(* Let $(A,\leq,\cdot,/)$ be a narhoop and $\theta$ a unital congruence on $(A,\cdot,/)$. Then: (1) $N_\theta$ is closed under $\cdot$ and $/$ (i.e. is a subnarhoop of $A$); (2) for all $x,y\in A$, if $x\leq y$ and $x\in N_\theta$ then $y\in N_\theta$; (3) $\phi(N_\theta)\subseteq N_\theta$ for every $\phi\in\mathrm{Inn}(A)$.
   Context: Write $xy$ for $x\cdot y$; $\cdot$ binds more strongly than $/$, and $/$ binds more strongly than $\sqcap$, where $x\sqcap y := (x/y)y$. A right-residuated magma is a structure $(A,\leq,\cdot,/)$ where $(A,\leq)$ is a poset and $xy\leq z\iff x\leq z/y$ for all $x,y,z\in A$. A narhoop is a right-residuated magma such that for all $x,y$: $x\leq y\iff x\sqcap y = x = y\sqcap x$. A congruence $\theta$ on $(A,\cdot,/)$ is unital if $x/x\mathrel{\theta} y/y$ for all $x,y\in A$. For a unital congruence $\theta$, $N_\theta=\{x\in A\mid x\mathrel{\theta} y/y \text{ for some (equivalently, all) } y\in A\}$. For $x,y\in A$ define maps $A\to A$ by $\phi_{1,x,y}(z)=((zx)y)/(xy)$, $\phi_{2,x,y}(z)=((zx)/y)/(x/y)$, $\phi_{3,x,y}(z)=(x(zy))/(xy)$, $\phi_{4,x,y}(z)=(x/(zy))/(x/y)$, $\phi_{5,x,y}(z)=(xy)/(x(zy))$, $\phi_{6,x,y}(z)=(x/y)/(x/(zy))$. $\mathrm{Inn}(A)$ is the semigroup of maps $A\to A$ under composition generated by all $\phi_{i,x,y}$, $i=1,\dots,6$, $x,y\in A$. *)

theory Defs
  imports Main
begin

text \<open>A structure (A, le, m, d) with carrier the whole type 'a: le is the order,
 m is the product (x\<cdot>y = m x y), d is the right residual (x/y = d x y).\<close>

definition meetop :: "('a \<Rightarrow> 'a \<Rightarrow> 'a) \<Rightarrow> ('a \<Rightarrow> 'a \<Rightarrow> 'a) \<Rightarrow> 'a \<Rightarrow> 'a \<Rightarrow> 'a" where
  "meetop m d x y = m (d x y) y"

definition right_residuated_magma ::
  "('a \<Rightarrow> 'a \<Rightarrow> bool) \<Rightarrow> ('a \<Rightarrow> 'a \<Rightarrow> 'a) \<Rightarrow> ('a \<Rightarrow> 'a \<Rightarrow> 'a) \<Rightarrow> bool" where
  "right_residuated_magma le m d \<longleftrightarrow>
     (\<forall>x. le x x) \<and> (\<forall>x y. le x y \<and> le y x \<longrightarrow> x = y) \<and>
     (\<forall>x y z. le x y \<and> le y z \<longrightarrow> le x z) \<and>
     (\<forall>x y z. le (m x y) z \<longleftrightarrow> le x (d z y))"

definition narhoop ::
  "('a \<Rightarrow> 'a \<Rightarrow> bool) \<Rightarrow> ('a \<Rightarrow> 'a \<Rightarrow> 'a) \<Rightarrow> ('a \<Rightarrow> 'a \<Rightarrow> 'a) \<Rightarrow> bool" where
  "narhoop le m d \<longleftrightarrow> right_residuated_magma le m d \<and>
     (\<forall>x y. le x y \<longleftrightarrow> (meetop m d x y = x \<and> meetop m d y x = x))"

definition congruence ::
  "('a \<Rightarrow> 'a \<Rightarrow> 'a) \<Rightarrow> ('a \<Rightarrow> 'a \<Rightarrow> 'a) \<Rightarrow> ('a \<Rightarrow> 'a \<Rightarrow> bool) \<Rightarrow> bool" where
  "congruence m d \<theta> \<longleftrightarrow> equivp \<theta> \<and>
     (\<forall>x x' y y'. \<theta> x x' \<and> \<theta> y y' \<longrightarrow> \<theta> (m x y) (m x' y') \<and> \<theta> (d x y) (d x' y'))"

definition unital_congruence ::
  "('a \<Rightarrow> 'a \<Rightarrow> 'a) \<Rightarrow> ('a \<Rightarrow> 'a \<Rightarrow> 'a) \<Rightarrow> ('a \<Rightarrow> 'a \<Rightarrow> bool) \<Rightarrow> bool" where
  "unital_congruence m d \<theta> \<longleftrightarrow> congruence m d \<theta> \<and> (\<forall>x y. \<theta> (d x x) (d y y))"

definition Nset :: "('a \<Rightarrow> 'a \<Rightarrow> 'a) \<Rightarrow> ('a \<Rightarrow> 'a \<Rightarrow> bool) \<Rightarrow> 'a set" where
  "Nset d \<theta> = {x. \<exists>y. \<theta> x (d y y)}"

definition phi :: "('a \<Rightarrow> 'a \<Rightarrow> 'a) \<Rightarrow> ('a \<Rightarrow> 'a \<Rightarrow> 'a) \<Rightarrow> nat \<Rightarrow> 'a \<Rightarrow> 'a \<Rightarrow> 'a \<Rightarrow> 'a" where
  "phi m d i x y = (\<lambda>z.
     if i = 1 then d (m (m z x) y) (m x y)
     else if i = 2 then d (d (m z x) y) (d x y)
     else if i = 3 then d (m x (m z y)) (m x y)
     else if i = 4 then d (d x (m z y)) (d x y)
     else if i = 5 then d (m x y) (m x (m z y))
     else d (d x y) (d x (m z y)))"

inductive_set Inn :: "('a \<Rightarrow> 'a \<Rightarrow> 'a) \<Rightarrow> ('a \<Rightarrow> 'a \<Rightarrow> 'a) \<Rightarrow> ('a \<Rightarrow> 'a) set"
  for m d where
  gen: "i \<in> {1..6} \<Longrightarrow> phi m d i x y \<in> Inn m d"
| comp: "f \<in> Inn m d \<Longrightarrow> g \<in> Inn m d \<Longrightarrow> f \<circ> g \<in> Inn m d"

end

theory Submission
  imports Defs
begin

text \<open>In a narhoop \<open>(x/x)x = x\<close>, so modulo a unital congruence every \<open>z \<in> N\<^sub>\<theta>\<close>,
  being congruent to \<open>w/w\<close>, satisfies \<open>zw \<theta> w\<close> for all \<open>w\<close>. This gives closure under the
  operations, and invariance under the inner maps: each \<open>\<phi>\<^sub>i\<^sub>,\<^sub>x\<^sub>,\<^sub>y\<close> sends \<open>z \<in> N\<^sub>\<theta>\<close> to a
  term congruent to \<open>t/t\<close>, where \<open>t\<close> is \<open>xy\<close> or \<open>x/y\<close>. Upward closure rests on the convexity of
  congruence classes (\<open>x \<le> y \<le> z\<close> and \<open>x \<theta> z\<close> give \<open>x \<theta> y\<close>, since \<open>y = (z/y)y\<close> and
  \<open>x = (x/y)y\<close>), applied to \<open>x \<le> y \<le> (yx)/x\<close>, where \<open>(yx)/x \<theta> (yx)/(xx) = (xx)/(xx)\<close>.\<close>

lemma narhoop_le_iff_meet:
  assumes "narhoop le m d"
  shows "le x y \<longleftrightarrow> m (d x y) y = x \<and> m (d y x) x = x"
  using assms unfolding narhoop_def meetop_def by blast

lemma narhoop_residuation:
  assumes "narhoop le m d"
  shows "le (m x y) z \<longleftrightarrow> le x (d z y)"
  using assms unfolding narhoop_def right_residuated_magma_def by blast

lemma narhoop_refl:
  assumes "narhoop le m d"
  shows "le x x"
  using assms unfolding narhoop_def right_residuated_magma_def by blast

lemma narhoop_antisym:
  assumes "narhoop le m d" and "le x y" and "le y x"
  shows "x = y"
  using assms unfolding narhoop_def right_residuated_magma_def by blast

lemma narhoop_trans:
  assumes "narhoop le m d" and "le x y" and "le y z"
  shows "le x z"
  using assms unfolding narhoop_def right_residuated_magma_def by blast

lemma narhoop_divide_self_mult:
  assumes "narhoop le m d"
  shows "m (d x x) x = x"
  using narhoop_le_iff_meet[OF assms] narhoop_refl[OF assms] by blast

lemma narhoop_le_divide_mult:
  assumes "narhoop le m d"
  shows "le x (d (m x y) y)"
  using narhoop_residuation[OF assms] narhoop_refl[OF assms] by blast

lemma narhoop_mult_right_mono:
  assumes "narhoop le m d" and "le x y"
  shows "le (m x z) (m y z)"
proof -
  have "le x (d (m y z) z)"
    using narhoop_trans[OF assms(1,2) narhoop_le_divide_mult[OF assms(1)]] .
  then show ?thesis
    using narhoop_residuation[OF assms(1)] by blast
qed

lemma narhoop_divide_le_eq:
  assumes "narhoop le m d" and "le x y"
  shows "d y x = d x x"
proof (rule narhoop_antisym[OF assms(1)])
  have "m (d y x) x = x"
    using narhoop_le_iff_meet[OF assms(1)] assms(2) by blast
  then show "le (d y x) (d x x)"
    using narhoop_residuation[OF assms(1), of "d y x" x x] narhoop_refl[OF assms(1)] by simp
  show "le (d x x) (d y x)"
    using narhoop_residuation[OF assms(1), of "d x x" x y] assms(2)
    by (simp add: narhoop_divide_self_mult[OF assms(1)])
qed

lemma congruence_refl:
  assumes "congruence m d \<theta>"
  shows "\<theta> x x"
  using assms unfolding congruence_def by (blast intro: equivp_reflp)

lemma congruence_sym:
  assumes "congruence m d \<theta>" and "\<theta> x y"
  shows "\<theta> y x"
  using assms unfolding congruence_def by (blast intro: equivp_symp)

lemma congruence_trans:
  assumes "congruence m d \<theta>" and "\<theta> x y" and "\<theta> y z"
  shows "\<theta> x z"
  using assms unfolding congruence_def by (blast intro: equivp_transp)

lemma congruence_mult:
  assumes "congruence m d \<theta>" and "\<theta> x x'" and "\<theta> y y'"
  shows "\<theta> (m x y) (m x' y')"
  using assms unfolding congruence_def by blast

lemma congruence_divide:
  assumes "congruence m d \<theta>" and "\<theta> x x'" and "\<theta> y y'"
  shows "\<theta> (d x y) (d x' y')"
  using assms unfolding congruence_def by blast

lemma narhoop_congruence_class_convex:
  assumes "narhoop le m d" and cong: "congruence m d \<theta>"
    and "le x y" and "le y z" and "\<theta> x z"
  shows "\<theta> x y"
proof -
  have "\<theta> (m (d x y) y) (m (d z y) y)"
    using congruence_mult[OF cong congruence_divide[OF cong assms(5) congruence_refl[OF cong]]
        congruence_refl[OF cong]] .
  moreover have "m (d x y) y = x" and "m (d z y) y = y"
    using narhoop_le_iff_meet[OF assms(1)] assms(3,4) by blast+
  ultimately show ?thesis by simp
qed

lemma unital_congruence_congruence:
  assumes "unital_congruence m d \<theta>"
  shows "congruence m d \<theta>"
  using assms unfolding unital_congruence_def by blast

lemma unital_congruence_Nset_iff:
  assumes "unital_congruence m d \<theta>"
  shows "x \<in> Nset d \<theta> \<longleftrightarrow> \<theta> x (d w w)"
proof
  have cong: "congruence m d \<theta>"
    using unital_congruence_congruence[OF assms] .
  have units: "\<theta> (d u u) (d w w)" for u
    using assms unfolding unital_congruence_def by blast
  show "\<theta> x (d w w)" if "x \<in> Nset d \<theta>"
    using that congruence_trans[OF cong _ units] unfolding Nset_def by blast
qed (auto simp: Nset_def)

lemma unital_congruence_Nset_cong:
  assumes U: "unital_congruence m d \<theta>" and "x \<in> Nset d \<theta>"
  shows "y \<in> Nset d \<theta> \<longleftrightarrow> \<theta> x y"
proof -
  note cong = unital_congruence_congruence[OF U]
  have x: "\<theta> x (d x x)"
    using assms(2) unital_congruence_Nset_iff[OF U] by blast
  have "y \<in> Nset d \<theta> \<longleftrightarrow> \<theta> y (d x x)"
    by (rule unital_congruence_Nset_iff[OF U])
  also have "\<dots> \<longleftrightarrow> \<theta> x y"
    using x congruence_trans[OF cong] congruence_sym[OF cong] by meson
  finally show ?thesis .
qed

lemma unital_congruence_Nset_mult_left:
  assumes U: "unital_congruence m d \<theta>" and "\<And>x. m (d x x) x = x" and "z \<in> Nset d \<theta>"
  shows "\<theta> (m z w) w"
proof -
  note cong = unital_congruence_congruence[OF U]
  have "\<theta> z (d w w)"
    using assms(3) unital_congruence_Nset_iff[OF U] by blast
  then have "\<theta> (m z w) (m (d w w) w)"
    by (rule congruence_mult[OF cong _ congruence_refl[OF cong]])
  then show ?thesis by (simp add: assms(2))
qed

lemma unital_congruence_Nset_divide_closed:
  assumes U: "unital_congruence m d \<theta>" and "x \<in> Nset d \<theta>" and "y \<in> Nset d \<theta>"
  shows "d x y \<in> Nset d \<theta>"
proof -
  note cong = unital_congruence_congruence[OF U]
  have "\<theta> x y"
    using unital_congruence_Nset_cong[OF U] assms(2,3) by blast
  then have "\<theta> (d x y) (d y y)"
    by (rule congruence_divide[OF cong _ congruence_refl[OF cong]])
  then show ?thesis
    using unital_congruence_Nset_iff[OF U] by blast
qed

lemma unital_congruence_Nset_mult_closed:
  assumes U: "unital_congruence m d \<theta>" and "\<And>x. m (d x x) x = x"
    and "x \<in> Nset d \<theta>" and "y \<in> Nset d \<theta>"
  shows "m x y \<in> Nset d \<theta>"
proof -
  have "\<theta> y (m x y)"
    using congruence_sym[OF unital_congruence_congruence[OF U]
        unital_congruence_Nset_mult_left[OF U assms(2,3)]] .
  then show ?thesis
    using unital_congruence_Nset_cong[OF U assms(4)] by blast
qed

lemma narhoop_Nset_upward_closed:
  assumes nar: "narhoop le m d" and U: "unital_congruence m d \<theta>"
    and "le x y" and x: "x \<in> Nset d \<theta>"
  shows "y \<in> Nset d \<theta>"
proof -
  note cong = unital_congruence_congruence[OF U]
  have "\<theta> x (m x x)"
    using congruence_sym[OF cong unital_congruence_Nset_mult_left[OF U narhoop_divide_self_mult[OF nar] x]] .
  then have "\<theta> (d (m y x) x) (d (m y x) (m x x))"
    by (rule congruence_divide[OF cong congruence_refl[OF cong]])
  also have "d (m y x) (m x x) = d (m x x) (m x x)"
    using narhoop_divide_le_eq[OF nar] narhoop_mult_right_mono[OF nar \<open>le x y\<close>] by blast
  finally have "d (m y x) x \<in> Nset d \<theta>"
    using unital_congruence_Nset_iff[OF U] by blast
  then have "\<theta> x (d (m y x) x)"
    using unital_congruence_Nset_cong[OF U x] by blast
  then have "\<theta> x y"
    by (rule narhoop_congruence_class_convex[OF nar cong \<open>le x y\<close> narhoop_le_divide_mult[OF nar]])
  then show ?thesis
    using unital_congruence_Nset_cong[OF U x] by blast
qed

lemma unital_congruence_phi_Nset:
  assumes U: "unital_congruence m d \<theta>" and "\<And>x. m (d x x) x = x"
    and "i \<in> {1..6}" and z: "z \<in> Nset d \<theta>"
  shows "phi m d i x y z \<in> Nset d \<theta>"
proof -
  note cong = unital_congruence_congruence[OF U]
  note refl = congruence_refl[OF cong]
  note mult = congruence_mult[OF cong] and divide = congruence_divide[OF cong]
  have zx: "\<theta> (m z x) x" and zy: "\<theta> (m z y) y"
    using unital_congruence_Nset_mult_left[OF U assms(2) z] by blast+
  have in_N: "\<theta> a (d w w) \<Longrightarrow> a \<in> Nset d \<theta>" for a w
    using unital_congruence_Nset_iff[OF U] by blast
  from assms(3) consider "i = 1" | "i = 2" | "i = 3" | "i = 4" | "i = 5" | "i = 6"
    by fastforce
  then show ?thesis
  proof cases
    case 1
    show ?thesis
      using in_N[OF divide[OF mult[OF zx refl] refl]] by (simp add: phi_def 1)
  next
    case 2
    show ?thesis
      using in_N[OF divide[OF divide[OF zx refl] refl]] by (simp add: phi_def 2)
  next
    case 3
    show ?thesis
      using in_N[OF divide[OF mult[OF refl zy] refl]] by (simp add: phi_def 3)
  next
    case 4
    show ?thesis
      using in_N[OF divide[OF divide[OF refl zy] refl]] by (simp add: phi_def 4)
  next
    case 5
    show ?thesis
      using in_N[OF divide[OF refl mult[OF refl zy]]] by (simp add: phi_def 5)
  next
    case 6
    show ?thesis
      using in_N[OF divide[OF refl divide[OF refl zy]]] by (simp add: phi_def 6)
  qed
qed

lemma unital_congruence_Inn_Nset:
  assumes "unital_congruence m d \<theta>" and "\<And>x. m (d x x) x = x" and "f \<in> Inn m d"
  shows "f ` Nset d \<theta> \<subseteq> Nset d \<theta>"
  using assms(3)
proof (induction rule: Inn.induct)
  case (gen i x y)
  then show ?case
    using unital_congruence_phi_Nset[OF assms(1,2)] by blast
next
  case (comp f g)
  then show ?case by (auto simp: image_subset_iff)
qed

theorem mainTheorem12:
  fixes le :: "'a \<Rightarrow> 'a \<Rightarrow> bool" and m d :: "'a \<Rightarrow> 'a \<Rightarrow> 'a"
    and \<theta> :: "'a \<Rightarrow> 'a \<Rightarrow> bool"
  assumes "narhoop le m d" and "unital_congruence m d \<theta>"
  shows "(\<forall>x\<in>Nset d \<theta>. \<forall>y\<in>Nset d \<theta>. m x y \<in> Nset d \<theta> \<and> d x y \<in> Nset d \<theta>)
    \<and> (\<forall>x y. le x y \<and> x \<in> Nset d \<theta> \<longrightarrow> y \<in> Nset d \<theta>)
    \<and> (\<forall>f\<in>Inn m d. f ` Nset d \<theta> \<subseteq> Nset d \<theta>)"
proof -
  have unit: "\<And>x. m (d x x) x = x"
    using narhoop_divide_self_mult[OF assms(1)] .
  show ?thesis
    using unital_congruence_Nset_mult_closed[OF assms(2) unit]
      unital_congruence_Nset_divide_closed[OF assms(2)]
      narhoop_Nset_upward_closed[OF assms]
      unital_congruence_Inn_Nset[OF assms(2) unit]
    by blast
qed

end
^^^^^^^^
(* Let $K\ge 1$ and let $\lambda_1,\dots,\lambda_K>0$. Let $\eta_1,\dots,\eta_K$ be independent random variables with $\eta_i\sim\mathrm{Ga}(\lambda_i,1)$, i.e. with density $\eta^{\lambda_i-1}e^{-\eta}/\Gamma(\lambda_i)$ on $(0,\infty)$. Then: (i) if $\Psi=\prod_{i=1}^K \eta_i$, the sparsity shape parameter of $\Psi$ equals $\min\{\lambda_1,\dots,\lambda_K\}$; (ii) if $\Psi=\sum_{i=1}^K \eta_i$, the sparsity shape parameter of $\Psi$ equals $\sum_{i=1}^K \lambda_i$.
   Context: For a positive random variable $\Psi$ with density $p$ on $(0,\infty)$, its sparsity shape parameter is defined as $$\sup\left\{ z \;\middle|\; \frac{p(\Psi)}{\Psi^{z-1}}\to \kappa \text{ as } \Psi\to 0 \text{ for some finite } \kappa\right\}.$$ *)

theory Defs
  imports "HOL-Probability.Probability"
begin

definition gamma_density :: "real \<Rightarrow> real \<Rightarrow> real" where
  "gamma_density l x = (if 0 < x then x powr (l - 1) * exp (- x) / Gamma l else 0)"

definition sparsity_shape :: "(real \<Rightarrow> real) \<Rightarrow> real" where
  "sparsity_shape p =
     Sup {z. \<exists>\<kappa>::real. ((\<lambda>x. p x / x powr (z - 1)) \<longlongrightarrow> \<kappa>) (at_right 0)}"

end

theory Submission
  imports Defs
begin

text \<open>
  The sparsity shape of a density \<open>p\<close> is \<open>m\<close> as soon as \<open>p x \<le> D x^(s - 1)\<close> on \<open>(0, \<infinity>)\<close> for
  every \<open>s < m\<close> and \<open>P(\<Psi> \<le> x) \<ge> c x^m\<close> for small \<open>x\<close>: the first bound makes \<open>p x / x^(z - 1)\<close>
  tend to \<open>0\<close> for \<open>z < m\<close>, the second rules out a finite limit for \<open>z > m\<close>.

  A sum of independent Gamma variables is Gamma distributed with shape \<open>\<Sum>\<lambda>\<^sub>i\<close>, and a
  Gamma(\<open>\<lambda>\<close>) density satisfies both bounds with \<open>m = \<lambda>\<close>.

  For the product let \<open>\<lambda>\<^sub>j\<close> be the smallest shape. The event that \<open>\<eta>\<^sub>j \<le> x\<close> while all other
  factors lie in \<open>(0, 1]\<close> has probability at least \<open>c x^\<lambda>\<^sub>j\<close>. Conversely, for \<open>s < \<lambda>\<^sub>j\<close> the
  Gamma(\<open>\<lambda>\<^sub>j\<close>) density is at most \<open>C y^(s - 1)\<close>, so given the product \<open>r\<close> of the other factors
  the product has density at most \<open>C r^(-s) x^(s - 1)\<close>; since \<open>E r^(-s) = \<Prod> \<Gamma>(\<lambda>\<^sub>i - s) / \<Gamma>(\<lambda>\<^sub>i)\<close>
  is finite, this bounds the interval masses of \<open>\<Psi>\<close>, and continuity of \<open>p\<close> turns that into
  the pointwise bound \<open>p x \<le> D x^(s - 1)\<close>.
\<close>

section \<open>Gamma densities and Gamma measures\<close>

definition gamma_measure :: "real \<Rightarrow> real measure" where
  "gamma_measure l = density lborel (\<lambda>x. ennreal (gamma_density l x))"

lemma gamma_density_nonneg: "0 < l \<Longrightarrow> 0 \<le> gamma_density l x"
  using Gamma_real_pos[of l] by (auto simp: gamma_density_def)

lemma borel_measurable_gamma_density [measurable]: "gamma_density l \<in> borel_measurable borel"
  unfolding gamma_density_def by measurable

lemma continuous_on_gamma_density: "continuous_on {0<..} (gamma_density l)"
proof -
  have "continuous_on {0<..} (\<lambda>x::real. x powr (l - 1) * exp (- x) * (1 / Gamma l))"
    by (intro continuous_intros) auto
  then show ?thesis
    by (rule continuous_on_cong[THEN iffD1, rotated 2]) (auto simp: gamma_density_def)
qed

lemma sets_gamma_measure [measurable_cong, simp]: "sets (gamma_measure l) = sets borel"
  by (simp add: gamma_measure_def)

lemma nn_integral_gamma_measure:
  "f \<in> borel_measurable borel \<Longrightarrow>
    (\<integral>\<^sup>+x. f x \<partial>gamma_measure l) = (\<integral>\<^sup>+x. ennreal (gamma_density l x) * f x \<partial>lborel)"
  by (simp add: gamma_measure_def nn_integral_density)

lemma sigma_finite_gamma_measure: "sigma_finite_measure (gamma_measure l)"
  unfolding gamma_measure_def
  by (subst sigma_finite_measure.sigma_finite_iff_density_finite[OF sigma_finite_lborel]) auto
^^^^^^^^
_PROBLEM DETAILS_
In the records above, find each line with the string "else" and list it.

_ANSWER BOX_
     else if i = 2 then d (d (m z x) y) (d x y)
     else if i = 3 then d (m x (m z y)) (m x y)
     else if i = 4 then d (d x (m z y)) (d x y)
     else if i = 5 then d (m x y) (m x (m z y))
     else d (d x y) (d x (m z y)))"
  "gamma_density l x = (if 0 < x then x powr (l - 1) * exp (- x) / Gamma l else 0)"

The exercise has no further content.